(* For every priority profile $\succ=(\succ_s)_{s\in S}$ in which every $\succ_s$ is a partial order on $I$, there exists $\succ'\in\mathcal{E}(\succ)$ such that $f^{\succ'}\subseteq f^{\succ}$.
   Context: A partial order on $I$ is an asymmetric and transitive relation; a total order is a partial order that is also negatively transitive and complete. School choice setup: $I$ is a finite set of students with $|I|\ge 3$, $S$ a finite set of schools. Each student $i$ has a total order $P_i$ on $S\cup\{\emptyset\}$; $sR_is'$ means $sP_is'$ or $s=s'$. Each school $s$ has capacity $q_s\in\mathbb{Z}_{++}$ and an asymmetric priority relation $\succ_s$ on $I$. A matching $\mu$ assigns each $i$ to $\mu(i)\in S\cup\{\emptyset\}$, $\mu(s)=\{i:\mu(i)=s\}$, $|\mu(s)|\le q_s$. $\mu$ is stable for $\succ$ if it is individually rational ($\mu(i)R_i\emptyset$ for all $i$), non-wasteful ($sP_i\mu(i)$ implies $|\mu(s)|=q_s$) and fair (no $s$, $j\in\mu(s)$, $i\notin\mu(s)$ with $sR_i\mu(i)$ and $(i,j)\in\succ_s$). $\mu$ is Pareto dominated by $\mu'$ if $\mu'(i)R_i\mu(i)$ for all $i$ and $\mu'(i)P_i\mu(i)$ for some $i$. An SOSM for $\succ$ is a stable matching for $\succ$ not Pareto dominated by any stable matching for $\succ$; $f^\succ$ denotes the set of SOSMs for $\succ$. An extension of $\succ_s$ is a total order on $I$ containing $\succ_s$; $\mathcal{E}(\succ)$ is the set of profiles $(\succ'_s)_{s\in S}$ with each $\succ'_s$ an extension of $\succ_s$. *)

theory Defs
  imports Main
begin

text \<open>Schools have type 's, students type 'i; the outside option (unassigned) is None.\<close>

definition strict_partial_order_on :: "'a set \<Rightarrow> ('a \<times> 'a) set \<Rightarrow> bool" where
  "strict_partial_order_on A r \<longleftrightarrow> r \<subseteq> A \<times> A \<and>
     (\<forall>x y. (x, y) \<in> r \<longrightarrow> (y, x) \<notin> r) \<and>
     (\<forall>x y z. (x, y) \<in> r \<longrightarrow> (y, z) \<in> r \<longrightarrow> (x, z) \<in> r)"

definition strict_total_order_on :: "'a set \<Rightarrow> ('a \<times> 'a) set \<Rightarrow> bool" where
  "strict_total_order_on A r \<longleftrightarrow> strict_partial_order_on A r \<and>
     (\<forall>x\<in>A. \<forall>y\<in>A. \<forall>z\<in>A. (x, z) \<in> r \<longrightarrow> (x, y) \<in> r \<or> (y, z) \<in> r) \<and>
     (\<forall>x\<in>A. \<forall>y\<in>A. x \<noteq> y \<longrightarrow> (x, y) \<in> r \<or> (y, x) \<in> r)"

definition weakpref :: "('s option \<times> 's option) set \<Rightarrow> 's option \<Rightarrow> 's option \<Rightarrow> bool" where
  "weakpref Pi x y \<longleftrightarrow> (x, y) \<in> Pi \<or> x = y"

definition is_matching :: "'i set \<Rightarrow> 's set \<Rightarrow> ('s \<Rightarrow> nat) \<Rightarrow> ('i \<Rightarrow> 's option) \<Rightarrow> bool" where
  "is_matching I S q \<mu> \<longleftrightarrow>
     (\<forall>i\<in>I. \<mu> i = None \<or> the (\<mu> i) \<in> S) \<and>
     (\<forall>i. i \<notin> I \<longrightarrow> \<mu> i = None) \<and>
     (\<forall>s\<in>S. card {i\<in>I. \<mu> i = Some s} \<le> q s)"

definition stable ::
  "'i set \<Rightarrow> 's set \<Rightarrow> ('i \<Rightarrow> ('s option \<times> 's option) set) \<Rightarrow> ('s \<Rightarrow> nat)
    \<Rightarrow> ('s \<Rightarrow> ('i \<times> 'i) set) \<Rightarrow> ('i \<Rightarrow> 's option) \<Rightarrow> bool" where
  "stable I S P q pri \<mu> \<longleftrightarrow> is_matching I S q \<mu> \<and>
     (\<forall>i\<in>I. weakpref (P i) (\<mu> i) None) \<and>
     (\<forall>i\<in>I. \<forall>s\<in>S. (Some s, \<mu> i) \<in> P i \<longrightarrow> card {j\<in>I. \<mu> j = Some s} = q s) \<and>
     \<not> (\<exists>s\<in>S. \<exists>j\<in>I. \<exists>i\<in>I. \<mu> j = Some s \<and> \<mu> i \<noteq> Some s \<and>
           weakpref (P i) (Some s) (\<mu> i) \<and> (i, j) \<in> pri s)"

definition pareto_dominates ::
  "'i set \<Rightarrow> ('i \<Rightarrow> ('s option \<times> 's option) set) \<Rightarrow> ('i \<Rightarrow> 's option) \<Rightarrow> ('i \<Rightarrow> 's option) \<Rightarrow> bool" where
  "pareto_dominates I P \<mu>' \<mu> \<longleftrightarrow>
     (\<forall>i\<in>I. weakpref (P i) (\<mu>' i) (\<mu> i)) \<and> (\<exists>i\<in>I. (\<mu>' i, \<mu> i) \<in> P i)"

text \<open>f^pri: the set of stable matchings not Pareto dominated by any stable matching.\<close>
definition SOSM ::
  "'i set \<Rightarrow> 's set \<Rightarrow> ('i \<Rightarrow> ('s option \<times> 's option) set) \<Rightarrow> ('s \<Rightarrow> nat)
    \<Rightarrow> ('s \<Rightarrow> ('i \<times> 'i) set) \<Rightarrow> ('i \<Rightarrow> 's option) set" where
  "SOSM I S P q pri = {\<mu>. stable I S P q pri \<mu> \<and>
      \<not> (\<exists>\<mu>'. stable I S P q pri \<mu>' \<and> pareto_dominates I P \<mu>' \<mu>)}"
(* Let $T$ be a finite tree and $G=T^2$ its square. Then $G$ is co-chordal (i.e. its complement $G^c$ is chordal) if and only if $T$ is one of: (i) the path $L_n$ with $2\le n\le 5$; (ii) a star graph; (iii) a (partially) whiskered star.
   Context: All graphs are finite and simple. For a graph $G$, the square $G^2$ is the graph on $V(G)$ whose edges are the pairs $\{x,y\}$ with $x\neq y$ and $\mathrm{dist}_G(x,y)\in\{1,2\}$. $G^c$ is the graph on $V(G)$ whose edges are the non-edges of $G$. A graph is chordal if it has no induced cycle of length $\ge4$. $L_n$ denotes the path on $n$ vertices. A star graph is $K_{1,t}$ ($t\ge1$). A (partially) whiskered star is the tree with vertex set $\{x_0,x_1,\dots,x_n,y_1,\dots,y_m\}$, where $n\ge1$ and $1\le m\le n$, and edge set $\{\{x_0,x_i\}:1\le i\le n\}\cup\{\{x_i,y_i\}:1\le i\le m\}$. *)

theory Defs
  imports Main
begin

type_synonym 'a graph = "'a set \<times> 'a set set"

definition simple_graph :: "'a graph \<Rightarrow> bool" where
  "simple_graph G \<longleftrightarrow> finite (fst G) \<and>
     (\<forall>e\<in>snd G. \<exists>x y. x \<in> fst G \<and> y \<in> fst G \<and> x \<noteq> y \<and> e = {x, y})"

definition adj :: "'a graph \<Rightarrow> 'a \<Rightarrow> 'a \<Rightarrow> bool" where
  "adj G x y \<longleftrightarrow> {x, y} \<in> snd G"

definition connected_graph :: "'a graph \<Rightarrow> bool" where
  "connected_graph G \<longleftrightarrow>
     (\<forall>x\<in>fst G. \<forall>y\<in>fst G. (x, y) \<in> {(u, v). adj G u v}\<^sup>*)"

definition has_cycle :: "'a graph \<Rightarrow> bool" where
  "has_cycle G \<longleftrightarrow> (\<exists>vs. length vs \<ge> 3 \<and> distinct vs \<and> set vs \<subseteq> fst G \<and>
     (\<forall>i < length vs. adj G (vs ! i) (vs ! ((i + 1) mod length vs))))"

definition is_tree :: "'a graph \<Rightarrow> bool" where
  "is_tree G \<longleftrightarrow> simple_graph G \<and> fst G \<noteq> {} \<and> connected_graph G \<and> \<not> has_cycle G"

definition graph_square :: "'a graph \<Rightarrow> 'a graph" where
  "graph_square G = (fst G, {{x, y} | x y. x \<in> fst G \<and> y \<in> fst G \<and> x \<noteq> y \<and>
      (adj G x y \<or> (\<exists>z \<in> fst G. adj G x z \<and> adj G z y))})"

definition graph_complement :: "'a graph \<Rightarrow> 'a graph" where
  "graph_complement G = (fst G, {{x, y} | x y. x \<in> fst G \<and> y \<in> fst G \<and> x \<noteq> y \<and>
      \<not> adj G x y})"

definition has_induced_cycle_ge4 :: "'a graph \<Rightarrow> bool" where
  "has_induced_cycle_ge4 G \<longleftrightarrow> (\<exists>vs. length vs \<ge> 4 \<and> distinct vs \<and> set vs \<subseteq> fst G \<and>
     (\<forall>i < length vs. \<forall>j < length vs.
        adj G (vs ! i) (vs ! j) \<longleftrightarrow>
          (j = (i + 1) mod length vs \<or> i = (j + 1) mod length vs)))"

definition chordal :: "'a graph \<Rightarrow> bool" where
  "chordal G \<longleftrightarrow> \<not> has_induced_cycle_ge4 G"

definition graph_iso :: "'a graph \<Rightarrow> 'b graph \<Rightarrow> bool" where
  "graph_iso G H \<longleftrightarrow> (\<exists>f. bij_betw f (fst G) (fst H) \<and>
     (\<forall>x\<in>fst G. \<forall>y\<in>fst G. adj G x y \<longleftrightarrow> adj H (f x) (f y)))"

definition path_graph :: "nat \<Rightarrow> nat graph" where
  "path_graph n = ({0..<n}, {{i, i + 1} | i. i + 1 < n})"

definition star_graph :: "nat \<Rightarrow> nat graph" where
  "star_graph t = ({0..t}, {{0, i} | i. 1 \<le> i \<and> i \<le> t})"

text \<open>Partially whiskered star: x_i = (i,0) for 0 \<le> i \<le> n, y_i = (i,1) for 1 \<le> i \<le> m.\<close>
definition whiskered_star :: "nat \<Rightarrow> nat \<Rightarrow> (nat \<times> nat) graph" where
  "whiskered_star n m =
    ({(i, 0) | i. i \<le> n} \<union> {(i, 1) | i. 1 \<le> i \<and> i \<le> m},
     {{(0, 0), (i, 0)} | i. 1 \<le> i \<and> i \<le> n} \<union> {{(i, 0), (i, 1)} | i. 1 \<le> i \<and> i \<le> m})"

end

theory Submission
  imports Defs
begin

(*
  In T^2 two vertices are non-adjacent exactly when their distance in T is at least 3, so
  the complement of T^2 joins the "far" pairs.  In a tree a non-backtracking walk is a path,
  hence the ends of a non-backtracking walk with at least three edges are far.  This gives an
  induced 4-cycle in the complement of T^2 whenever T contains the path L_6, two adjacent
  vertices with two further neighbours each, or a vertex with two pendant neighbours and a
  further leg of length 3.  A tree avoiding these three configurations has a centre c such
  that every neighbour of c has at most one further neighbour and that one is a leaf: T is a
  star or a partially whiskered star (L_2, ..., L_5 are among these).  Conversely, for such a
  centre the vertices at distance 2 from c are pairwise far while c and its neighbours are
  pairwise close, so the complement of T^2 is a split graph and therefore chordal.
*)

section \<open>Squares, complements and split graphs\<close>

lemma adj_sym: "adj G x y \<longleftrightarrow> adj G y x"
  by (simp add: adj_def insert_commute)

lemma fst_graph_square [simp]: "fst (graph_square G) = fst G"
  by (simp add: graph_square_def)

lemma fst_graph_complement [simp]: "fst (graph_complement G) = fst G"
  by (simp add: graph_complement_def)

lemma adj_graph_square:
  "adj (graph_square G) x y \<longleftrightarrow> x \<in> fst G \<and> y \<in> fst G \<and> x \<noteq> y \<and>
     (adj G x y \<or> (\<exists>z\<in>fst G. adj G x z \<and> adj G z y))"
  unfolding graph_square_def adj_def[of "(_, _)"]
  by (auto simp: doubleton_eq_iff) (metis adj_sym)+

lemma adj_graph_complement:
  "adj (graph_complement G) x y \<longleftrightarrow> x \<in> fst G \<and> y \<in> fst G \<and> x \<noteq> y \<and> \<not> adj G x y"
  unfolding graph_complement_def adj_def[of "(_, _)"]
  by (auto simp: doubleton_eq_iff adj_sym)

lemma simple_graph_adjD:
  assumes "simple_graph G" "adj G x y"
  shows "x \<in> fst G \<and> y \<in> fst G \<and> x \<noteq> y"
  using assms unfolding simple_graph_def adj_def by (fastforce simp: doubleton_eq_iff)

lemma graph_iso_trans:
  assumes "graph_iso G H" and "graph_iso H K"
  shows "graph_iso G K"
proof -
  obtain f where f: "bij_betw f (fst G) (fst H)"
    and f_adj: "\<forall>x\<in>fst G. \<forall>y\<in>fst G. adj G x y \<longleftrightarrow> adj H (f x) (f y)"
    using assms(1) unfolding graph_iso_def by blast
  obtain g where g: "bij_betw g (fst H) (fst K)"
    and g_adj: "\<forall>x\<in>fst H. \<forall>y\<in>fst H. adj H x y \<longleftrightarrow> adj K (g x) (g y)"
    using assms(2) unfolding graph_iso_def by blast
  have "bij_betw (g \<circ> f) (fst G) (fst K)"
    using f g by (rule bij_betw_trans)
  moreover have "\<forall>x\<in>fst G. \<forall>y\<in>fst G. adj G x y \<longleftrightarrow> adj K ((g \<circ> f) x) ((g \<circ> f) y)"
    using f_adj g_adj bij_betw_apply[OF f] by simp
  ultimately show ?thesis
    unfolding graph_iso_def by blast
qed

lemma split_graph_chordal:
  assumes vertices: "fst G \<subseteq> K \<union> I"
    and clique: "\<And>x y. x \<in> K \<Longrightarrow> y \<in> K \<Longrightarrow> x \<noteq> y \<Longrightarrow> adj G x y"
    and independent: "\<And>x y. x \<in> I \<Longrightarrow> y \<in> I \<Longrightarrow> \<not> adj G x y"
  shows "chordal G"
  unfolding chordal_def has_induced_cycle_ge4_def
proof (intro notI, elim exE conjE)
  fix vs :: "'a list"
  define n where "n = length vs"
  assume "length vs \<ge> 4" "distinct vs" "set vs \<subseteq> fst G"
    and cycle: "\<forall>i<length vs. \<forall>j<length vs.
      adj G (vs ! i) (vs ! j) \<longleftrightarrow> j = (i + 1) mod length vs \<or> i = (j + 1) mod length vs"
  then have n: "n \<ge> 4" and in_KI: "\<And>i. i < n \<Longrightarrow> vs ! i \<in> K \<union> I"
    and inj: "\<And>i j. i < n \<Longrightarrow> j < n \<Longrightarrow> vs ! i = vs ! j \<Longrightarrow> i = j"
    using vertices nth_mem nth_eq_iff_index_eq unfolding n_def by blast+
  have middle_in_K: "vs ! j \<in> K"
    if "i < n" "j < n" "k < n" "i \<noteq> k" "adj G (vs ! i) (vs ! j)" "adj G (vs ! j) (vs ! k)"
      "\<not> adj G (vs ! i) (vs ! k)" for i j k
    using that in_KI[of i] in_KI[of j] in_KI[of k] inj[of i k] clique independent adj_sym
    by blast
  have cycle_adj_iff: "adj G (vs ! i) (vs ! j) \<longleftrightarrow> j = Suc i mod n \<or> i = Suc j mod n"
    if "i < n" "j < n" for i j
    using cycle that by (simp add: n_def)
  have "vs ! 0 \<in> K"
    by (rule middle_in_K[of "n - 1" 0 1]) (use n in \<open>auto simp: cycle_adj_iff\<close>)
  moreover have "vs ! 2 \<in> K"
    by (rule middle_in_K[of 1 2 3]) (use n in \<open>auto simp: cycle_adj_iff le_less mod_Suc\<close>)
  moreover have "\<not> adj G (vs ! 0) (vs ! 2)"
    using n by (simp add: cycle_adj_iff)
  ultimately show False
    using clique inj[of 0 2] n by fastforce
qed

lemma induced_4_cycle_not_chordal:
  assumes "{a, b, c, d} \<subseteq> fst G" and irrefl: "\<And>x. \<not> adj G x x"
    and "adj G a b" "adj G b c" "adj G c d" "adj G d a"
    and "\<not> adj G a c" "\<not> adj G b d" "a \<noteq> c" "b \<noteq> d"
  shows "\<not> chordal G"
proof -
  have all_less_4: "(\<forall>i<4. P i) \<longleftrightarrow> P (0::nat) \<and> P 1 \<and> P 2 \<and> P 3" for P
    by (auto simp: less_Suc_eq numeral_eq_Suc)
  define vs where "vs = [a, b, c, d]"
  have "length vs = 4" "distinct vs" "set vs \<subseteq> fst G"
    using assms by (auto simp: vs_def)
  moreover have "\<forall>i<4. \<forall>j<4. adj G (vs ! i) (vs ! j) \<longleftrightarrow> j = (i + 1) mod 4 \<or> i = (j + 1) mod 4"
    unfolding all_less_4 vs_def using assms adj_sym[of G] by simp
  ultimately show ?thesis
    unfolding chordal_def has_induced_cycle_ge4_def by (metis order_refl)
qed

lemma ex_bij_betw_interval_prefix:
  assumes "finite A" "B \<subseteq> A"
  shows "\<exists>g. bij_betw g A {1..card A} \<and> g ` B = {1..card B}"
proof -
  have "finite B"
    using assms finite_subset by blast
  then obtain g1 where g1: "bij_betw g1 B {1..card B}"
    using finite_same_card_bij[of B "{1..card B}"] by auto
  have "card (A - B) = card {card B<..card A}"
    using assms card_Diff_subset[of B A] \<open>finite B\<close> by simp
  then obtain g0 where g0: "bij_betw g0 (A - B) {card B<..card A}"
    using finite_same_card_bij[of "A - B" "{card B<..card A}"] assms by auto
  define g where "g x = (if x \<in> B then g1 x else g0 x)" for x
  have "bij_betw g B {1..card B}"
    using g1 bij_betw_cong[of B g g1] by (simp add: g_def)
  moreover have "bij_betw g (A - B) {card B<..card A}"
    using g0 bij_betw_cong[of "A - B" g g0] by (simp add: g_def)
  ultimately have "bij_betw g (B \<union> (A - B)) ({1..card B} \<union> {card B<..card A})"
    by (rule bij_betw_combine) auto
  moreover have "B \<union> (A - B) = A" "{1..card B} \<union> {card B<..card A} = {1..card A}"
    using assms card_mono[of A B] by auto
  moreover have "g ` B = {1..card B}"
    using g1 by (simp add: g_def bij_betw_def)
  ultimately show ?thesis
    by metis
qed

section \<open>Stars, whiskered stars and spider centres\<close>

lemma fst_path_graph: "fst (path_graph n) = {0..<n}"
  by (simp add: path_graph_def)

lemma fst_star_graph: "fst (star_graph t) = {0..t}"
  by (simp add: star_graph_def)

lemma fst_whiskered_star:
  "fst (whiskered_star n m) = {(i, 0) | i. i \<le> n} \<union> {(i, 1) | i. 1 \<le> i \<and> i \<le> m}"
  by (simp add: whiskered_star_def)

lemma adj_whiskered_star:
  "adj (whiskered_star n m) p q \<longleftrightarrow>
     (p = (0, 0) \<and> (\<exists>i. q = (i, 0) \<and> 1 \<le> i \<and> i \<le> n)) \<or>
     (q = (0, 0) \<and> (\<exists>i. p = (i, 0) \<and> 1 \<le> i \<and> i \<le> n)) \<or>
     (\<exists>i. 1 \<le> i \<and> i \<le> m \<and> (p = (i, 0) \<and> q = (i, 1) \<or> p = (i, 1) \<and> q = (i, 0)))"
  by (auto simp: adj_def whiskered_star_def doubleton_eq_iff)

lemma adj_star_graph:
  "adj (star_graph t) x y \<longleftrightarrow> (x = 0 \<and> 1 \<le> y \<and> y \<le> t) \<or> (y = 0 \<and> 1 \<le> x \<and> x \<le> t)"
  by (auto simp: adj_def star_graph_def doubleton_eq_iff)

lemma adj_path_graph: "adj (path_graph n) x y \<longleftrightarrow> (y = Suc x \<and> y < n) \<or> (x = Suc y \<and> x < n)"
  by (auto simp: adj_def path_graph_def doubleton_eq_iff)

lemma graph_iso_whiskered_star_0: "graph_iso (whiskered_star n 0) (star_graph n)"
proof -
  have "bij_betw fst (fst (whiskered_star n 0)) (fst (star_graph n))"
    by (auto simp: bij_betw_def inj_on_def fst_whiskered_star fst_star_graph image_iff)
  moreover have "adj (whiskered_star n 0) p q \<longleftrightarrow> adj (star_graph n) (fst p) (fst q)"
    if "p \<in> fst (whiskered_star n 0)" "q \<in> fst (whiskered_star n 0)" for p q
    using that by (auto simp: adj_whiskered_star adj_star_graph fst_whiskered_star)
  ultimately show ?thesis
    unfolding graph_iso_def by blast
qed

▸ **AIM OF THE EXERCISE**
Go through the listing above and write out exactly the lines starting with the one holding "vs. \<forall>j<length vs." and running through the one holding "(vs ! j) (vs", ends included, and no others.

▸ **COMPLETED TASK**
    and cycle: "\<forall>i<length vs. \<forall>j<length vs.
      adj G (vs ! i) (vs ! j) \<longleftrightarrow> j = (i + 1) mod length vs \<or> i = (j + 1) mod length vs"
  then have n: "n \<ge> 4" and in_KI: "\<And>i. i < n \<Longrightarrow> vs ! i \<in> K \<union> I"
    and inj: "\<And>i j. i < n \<Longrightarrow> j < n \<Longrightarrow> vs ! i = vs ! j \<Longrightarrow> i = j"
    using vertices nth_mem nth_eq_iff_index_eq unfolding n_def by blast+
  have middle_in_K: "vs ! j \<in> K"
    if "i < n" "j < n" "k < n" "i \<noteq> k" "adj G (vs ! i) (vs ! j)" "adj G (vs ! j) (vs ! k)"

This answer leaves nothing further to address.